**RECORDS FOR THE TASK**
════════════════════

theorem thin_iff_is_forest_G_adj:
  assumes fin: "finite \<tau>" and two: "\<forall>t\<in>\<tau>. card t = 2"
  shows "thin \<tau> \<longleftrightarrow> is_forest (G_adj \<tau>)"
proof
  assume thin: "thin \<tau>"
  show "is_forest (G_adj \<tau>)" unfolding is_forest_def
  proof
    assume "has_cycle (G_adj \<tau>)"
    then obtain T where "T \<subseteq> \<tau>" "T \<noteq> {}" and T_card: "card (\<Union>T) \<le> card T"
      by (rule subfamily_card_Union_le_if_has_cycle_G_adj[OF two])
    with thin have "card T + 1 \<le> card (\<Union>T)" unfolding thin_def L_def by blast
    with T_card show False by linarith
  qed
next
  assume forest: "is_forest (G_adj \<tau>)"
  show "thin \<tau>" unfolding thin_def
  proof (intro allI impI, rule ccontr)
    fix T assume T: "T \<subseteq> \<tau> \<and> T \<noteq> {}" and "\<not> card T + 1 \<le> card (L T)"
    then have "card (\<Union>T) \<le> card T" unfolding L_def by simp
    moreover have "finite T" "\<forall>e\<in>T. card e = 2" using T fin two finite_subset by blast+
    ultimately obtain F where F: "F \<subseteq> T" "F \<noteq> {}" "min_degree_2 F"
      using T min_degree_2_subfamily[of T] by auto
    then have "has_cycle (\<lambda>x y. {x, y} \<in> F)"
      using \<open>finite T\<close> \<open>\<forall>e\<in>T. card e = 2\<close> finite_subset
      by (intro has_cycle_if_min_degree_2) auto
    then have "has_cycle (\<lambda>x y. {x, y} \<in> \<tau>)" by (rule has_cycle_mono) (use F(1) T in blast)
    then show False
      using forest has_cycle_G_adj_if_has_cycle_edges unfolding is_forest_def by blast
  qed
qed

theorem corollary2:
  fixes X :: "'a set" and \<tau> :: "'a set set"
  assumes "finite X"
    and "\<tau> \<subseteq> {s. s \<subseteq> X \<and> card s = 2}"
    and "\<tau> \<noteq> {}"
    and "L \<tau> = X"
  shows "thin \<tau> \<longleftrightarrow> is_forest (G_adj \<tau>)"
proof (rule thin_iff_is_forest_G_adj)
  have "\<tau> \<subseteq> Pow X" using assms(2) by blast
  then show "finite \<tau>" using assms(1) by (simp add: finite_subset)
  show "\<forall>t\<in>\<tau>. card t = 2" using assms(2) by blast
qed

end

════════════════════

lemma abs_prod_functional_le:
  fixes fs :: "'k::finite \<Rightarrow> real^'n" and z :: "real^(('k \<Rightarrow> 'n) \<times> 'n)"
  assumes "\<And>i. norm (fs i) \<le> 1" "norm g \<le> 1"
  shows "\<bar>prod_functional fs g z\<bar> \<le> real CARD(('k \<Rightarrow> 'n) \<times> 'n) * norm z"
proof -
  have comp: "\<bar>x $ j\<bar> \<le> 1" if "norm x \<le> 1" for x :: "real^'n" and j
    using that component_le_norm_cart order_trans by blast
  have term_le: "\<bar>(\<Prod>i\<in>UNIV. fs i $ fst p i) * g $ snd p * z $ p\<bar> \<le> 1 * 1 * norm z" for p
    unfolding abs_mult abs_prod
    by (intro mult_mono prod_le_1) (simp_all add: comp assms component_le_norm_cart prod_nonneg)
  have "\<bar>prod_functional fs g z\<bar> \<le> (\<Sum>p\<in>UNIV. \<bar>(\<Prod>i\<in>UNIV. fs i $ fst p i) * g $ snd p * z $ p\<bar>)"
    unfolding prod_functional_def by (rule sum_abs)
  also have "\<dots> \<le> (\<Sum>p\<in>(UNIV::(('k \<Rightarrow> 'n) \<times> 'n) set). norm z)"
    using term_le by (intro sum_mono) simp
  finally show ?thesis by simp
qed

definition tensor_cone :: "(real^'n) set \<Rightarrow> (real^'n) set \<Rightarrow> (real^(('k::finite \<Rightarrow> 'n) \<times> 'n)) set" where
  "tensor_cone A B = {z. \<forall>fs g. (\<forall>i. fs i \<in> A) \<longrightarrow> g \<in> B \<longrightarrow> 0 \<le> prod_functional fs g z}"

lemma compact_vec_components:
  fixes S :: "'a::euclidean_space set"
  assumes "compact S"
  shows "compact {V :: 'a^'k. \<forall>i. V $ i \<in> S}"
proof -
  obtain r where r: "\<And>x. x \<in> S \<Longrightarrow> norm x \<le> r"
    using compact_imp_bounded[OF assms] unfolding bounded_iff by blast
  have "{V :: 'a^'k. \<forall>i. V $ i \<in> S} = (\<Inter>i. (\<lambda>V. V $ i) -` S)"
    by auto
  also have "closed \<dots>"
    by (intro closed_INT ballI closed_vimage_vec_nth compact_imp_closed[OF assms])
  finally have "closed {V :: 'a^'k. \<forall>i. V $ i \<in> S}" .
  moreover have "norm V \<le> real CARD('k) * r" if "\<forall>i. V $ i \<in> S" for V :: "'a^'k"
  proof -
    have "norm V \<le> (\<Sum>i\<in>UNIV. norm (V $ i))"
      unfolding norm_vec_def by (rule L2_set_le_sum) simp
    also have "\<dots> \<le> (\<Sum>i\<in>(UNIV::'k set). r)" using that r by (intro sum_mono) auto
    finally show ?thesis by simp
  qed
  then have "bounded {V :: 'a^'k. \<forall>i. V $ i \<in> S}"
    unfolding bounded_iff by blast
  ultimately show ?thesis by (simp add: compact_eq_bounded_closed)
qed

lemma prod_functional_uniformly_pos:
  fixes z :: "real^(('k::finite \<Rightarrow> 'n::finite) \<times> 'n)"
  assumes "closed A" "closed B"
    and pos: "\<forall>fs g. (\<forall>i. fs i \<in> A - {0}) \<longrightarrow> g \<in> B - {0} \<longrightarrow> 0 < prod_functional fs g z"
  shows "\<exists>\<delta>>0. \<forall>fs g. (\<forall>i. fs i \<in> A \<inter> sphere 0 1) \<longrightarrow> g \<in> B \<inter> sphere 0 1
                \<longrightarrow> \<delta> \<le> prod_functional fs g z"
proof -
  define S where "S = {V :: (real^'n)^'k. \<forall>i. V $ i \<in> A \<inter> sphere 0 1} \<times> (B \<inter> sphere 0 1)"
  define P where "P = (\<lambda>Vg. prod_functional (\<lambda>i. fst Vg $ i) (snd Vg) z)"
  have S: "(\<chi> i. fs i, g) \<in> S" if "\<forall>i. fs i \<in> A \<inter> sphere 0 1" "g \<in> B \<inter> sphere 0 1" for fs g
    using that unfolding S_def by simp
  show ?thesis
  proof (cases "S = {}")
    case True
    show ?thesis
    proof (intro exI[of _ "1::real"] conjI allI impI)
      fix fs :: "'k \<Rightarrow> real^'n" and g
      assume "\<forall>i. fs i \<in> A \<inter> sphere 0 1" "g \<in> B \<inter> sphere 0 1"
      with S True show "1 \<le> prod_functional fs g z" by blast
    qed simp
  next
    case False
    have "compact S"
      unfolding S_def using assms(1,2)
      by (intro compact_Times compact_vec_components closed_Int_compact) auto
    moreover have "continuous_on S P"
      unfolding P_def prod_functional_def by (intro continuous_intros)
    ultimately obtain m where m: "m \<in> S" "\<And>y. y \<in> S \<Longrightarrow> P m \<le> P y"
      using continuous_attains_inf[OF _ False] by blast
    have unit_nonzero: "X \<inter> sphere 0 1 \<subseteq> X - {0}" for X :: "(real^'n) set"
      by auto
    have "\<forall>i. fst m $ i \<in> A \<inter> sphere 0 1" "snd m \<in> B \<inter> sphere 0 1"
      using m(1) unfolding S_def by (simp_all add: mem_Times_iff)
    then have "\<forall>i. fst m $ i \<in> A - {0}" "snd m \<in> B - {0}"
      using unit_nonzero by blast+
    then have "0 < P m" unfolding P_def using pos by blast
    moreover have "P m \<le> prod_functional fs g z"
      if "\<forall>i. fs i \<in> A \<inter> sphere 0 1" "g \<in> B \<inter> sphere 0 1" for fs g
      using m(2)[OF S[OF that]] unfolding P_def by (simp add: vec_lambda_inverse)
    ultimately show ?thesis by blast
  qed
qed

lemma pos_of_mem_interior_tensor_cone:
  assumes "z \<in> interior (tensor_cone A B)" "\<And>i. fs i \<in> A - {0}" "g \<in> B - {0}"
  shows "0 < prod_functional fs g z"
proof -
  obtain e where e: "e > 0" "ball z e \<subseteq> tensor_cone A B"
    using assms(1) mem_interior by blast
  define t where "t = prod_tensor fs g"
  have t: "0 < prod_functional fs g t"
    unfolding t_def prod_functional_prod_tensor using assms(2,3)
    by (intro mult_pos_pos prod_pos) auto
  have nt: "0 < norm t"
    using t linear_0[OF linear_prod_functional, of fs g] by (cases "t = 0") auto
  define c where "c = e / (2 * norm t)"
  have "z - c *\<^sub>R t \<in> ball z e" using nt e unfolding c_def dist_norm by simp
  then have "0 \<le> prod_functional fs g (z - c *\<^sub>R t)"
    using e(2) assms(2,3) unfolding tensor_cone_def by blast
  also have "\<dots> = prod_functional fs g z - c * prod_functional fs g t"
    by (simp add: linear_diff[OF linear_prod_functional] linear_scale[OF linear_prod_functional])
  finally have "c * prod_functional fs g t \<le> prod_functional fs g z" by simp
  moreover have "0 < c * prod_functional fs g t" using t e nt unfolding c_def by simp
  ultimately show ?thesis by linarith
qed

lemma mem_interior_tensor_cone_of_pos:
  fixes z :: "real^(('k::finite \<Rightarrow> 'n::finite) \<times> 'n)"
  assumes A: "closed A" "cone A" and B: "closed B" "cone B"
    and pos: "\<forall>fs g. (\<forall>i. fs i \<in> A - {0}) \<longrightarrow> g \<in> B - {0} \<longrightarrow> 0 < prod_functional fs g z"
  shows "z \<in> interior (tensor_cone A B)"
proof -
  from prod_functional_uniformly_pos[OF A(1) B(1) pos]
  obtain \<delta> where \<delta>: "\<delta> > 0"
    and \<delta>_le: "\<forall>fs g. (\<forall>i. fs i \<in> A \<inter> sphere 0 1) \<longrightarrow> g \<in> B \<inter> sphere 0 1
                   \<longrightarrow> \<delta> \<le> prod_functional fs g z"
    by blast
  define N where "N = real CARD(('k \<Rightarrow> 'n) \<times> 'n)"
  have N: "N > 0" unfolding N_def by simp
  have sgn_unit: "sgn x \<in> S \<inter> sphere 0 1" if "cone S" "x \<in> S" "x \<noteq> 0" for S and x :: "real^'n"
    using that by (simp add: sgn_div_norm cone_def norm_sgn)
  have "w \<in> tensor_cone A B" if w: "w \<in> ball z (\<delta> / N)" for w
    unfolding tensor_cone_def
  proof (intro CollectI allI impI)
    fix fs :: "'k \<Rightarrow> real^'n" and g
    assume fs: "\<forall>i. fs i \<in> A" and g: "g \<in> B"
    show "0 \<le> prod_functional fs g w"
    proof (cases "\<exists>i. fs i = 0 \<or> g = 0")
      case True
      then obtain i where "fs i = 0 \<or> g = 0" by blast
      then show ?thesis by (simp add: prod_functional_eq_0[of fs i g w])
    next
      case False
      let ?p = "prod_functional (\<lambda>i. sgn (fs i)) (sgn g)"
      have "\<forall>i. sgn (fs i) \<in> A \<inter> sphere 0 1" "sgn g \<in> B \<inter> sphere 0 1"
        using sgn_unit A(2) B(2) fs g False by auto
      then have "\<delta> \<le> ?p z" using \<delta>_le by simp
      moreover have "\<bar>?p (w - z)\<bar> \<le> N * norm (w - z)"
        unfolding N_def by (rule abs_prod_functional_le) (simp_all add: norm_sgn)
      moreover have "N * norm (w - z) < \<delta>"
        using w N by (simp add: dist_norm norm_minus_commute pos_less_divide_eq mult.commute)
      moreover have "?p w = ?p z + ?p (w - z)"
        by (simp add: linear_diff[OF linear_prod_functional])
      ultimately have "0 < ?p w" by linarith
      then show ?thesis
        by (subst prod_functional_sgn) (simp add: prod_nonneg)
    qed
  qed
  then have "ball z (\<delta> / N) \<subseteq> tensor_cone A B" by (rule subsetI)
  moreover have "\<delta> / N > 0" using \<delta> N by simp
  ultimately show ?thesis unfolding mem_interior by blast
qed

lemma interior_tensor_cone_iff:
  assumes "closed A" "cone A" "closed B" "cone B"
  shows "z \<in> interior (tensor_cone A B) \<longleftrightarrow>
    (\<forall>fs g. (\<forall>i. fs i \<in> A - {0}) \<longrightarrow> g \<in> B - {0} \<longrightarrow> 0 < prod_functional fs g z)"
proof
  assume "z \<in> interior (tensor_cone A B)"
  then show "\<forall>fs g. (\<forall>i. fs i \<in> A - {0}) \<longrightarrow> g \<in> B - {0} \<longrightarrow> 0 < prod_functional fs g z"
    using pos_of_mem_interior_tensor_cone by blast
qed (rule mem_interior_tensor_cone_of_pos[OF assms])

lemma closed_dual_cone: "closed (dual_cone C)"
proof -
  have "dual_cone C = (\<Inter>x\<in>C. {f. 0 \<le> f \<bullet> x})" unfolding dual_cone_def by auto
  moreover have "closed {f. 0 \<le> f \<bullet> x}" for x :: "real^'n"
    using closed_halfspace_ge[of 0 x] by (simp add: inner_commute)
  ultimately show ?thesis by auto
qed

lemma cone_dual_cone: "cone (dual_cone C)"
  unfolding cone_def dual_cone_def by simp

════════════════════

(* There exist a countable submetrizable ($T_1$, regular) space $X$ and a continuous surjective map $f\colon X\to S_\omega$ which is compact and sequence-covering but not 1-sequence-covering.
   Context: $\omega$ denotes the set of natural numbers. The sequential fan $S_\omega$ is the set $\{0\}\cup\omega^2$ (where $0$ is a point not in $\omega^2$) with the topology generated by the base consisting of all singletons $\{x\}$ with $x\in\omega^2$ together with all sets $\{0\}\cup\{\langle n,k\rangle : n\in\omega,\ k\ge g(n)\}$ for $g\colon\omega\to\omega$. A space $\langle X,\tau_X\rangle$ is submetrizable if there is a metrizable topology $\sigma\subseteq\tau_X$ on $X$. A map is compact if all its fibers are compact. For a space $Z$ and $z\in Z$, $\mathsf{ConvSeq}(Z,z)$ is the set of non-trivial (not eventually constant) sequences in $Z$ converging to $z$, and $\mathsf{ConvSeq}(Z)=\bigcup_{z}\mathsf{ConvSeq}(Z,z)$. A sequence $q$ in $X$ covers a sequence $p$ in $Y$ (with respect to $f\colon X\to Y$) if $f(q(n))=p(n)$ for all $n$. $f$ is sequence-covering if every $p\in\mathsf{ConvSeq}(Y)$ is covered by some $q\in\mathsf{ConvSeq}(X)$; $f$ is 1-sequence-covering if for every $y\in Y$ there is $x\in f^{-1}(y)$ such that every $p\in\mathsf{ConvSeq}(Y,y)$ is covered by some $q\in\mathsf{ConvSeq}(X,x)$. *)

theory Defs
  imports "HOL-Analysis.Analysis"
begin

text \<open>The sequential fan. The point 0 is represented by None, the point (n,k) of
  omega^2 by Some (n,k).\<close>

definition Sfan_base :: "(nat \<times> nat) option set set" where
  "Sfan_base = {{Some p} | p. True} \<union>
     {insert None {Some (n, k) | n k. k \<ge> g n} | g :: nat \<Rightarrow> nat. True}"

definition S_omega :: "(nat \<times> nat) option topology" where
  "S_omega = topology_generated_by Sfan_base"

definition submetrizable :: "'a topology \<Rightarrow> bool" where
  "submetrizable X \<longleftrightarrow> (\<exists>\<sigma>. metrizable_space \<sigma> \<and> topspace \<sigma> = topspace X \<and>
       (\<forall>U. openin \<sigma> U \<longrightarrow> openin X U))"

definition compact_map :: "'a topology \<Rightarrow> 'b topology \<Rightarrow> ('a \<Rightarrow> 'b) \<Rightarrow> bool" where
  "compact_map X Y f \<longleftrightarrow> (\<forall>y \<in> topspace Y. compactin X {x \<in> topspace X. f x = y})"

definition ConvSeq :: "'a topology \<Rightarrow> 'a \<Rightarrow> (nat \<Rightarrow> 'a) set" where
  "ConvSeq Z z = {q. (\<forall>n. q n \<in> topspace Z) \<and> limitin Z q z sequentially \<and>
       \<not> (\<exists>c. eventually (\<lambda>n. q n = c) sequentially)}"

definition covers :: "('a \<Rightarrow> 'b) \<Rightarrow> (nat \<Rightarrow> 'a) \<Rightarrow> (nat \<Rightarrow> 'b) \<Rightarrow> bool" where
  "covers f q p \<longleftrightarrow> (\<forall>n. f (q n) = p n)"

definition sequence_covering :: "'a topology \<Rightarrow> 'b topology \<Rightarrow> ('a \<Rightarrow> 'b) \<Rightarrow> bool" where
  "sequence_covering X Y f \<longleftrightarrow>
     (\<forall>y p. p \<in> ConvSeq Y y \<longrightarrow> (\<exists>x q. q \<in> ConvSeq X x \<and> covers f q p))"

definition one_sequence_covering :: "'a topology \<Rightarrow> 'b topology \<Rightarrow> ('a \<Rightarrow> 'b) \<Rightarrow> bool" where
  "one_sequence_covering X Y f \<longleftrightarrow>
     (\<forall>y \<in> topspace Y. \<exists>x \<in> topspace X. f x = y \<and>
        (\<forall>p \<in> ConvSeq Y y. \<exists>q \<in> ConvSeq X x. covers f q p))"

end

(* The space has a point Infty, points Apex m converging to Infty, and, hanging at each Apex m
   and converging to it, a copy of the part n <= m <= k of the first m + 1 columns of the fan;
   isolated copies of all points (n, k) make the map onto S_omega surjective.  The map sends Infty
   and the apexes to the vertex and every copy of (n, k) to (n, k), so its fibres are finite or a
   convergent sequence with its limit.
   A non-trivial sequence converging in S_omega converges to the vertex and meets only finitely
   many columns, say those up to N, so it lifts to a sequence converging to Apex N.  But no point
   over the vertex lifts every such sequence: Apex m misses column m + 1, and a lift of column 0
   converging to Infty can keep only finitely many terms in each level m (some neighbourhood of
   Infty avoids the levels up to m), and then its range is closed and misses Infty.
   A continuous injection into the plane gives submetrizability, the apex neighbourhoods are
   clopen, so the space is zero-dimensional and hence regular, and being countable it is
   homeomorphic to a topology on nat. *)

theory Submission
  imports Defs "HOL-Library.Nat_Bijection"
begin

════════════════════

**WORK REQUIRED**
Copy out precisely the lines from the line with "using w N by" to the line with "using \<delta> N by simp" in the material above, including those two lines and omitting all the rest.

**ANSWER TO THE EXERCISE**
        using w N by (simp add: dist_norm norm_minus_commute pos_less_divide_eq mult.commute)
      moreover have "?p w = ?p z + ?p (w - z)"
        by (simp add: linear_diff[OF linear_prod_functional])
      ultimately have "0 < ?p w" by linarith
      then show ?thesis
        by (subst prod_functional_sgn) (simp add: prod_nonneg)
    qed
  qed
  then have "ball z (\<delta> / N) \<subseteq> tensor_cone A B" by (rule subsetI)
  moreover have "\<delta> / N > 0" using \<delta> N by simp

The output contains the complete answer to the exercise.